[Collected data entries]
▼▼▼

lemma word_eval_word_inv:
  "fst ` set w \<subseteq> carrier G \<Longrightarrow> word_eval G (word_inv w) = inv (word_eval G w)"
proof (induct w)
  case (Cons l w)
  then have l: "fst l \<in> carrier G" and w: "fst ` set w \<subseteq> carrier G" by auto
  have "word_eval G (word_inv (l # w)) = inv (word_eval G w) \<otimes> inv (letter_val G l)"
    using Cons l w by (auto simp: word_inv_Cons word_eval_append letter_val_def)
  also have "\<dots> = inv (word_eval G (l # w))"
    using l w by (simp add: inv_mult_group letter_val_closed word_eval_closed)
  finally show ?case .
qed (simp add: word_inv_def)

lemma word_eval_in_subgroup: "subgroup H G \<Longrightarrow> fst ` set w \<subseteq> H \<Longrightarrow> word_eval G w \<in> H"
  by (induct w)
    (auto simp: letter_val_def subgroup.one_closed subgroup.m_closed subgroup.m_inv_closed)

end

definition word_degree :: "'a set \<Rightarrow> ('a \<times> bool) list \<Rightarrow> int" where
  "word_degree A w = (\<Sum>l\<leftarrow>w. if fst l \<in> A then (if snd l then 1 else -1) else 0)"

lemma word_degree_Nil [simp]: "word_degree A [] = 0"
  by (simp add: word_degree_def)

lemma word_degree_Cons [simp]:
  "word_degree A (l # w) = (if fst l \<in> A then (if snd l then 1 else -1) else 0) + word_degree A w"
  by (simp add: word_degree_def)

lemma word_degree_append [simp]: "word_degree A (u @ v) = word_degree A u + word_degree A v"
  by (simp add: word_degree_def)
lemma bij_betw_grundy_window_Suc_new_quotient:
  assumes bij: "bij_betw (grundy k) {x - x div k..x} {0..x div k}"
    and q: "Suc x div k = Suc (x div k)"
  shows "bij_betw (grundy k) {Suc x - Suc x div k..Suc x} {0..Suc x div k}"
proof -
  have "{Suc x - Suc x div k..Suc x} = {x - x div k..x} \<union> {Suc x}"
    using q by auto
  moreover have "{0..Suc x div k} = {0..x div k} \<union> {grundy k (Suc x)}"
    using q grundy_Suc_new_quotient[OF bij q] by auto
  ultimately show ?thesis
    using notIn_Un_bij_betw[OF _ _ bij, of "Suc x"] grundy_Suc_new_quotient[OF bij q] by simp
qed

lemma bij_betw_grundy_window: "bij_betw (grundy k) {x - x div k..x} {0..x div k}"
proof (induction x)
  case 0
  show ?case by (simp add: grundy_0 bij_betw_def)
next
  case (Suc x)
  have "Suc x div k = x div k \<or> Suc x div k = Suc (x div k)"
    by (cases "k = 0") (auto simp: div_Suc)
  then show ?case
    using bij_betw_grundy_window_Suc_same_quotient[OF Suc]
      bij_betw_grundy_window_Suc_new_quotient[OF Suc] by blast
qed

lemma grundy_multiple: "k dvd x \<Longrightarrow> grundy k x = x div k"
proof (cases x)
  case (Suc y)
  moreover assume "k dvd x"
  ultimately have "Suc y div k = Suc (y div k)"
    by (cases "k = 0") (auto simp: div_Suc)
  then show ?thesis
    using Suc grundy_Suc_new_quotient[OF bij_betw_grundy_window] by simp
qed (simp add: grundy_0)

lemma Suc_div_not_dvd: "\<not> k dvd Suc y \<Longrightarrow> Suc y div k = y div k"
  by (simp add: div_Suc dvd_eq_mod_eq_0)

lemma grundy_Suc_not_dvd: "\<not> k dvd Suc y \<Longrightarrow> grundy k (Suc y) = grundy k (y - y div k)"
  using grundy_Suc_same_quotient[OF bij_betw_grundy_window] Suc_div_not_dvd by blast

definition grundy_window :: "nat \<Rightarrow> nat \<Rightarrow> nat list" where
  "grundy_window k x = map (\<lambda>d. grundy k (x - d)) [0..<Suc (x div k)]"

lemma length_grundy_window: "length (grundy_window k x) = Suc (x div k)"
  by (simp add: grundy_window_def)

lemma nth_grundy_window: "d < Suc (x div k) \<Longrightarrow> grundy_window k x ! d = grundy k (x - d)"
  unfolding grundy_window_def by (simp del: upt_Suc)

lemma grundy_window_Suc_not_dvd:
  assumes "\<not> k dvd Suc y"
  shows "grundy_window k y = rotate1 (grundy_window k (Suc y))"
proof (rule nth_equalityI)
  note q = Suc_div_not_dvd[OF assms]
  show "length (grundy_window k y) = length (rotate1 (grundy_window k (Suc y)))"
    by (simp add: length_grundy_window q)
  fix i assume "i < length (grundy_window k y)"
  then have i: "i < Suc (y div k)" by (simp add: length_grundy_window)
  show "grundy_window k y ! i = rotate1 (grundy_window k (Suc y)) ! i"
  proof (cases "i = y div k")
    case True
    then show ?thesis
      using grundy_Suc_not_dvd[OF assms]
      by (simp add: nth_rotate1 length_grundy_window nth_grundy_window q)
  next
    case False
    then have "Suc i < Suc (y div k)" using i by simp
    then show ?thesis
      using i nth_grundy_window[of "Suc i" "Suc y" k]
      by (simp add: nth_rotate1 length_grundy_window nth_grundy_window q)
  qed
qed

▲▲▲

WHAT THIS TASK INVOLVES: Send back all of the entries exactly, with nothing missing.

ANSWER SECTION:
lemma word_eval_word_inv:
  "fst ` set w \<subseteq> carrier G \<Longrightarrow> word_eval G (word_inv w) = inv (word_eval G w)"
proof (induct w)
  case (Cons l w)
  then have l: "fst l \<in> carrier G" and w: "fst ` set w \<subseteq> carrier G" by auto
  have "word_eval G (word_inv (l # w)) = inv (word_eval G w) \<otimes> inv (letter_val G l)"
    using Cons l w by (auto simp: word_inv_Cons word_eval_append letter_val_def)
  also have "\<dots> = inv (word_eval G (l # w))"
    using l w by (simp add: inv_mult_group letter_val_closed word_eval_closed)
  finally show ?case .
qed (simp add: word_inv_def)

lemma word_eval_in_subgroup: "subgroup H G \<Longrightarrow> fst ` set w \<subseteq> H \<Longrightarrow> word_eval G w \<in> H"
  by (induct w)
    (auto simp: letter_val_def subgroup.one_closed subgroup.m_closed subgroup.m_inv_closed)

end

definition word_degree :: "'a set \<Rightarrow> ('a \<times> bool) list \<Rightarrow> int" where
  "word_degree A w = (\<Sum>l\<leftarrow>w. if fst l \<in> A then (if snd l then 1 else -1) else 0)"

lemma word_degree_Nil [simp]: "word_degree A [] = 0"
  by (simp add: word_degree_def)

lemma word_degree_Cons [simp]:
  "word_degree A (l # w) = (if fst l \<in> A then (if snd l then 1 else -1) else 0) + word_degree A w"
  by (simp add: word_degree_def)

lemma word_degree_append [simp]: "word_degree A (u @ v) = word_degree A u + word_degree A v"
  by (simp add: word_degree_def)
lemma bij_betw_grundy_window_Suc_new_quotient:
  assumes bij: "bij_betw (grundy k) {x - x div k..x} {0..x div k}"
    and q: "Suc x div k = Suc (x div k)"
  shows "bij_betw (grundy k) {Suc x - Suc x div k..Suc x} {0..Suc x div k}"
proof -
  have "{Suc x - Suc x div k..Suc x} = {x - x div k..x} \<union> {Suc x}"
    using q by auto
  moreover have "{0..Suc x div k} = {0..x div k} \<union> {grundy k (Suc x)}"
    using q grundy_Suc_new_quotient[OF bij q] by auto
  ultimately show ?thesis
    using notIn_Un_bij_betw[OF _ _ bij, of "Suc x"] grundy_Suc_new_quotient[OF bij q] by simp
qed

lemma bij_betw_grundy_window: "bij_betw (grundy k) {x - x div k..x} {0..x div k}"
proof (induction x)
  case 0
  show ?case by (simp add: grundy_0 bij_betw_def)
next
  case (Suc x)
  have "Suc x div k = x div k \<or> Suc x div k = Suc (x div k)"
    by (cases "k = 0") (auto simp: div_Suc)
  then show ?case
    using bij_betw_grundy_window_Suc_same_quotient[OF Suc]
      bij_betw_grundy_window_Suc_new_quotient[OF Suc] by blast
qed

lemma grundy_multiple: "k dvd x \<Longrightarrow> grundy k x = x div k"
proof (cases x)
  case (Suc y)
  moreover assume "k dvd x"
  ultimately have "Suc y div k = Suc (y div k)"
    by (cases "k = 0") (auto simp: div_Suc)
  then show ?thesis
    using Suc grundy_Suc_new_quotient[OF bij_betw_grundy_window] by simp
qed (simp add: grundy_0)

lemma Suc_div_not_dvd: "\<not> k dvd Suc y \<Longrightarrow> Suc y div k = y div k"
  by (simp add: div_Suc dvd_eq_mod_eq_0)

lemma grundy_Suc_not_dvd: "\<not> k dvd Suc y \<Longrightarrow> grundy k (Suc y) = grundy k (y - y div k)"
  using grundy_Suc_same_quotient[OF bij_betw_grundy_window] Suc_div_not_dvd by blast

definition grundy_window :: "nat \<Rightarrow> nat \<Rightarrow> nat list" where
  "grundy_window k x = map (\<lambda>d. grundy k (x - d)) [0..<Suc (x div k)]"

lemma length_grundy_window: "length (grundy_window k x) = Suc (x div k)"
  by (simp add: grundy_window_def)

lemma nth_grundy_window: "d < Suc (x div k) \<Longrightarrow> grundy_window k x ! d = grundy k (x - d)"
  unfolding grundy_window_def by (simp del: upt_Suc)

lemma grundy_window_Suc_not_dvd:
  assumes "\<not> k dvd Suc y"
  shows "grundy_window k y = rotate1 (grundy_window k (Suc y))"
proof (rule nth_equalityI)
  note q = Suc_div_not_dvd[OF assms]
  show "length (grundy_window k y) = length (rotate1 (grundy_window k (Suc y)))"
    by (simp add: length_grundy_window q)
  fix i assume "i < length (grundy_window k y)"
  then have i: "i < Suc (y div k)" by (simp add: length_grundy_window)
  show "grundy_window k y ! i = rotate1 (grundy_window k (Suc y)) ! i"
  proof (cases "i = y div k")
    case True
    then show ?thesis
      using grundy_Suc_not_dvd[OF assms]
      by (simp add: nth_rotate1 length_grundy_window nth_grundy_window q)
  next
    case False
    then have "Suc i < Suc (y div k)" using i by simp
    then show ?thesis
      using i nth_grundy_window[of "Suc i" "Suc y" k]
      by (simp add: nth_rotate1 length_grundy_window nth_grundy_window q)
  qed
qed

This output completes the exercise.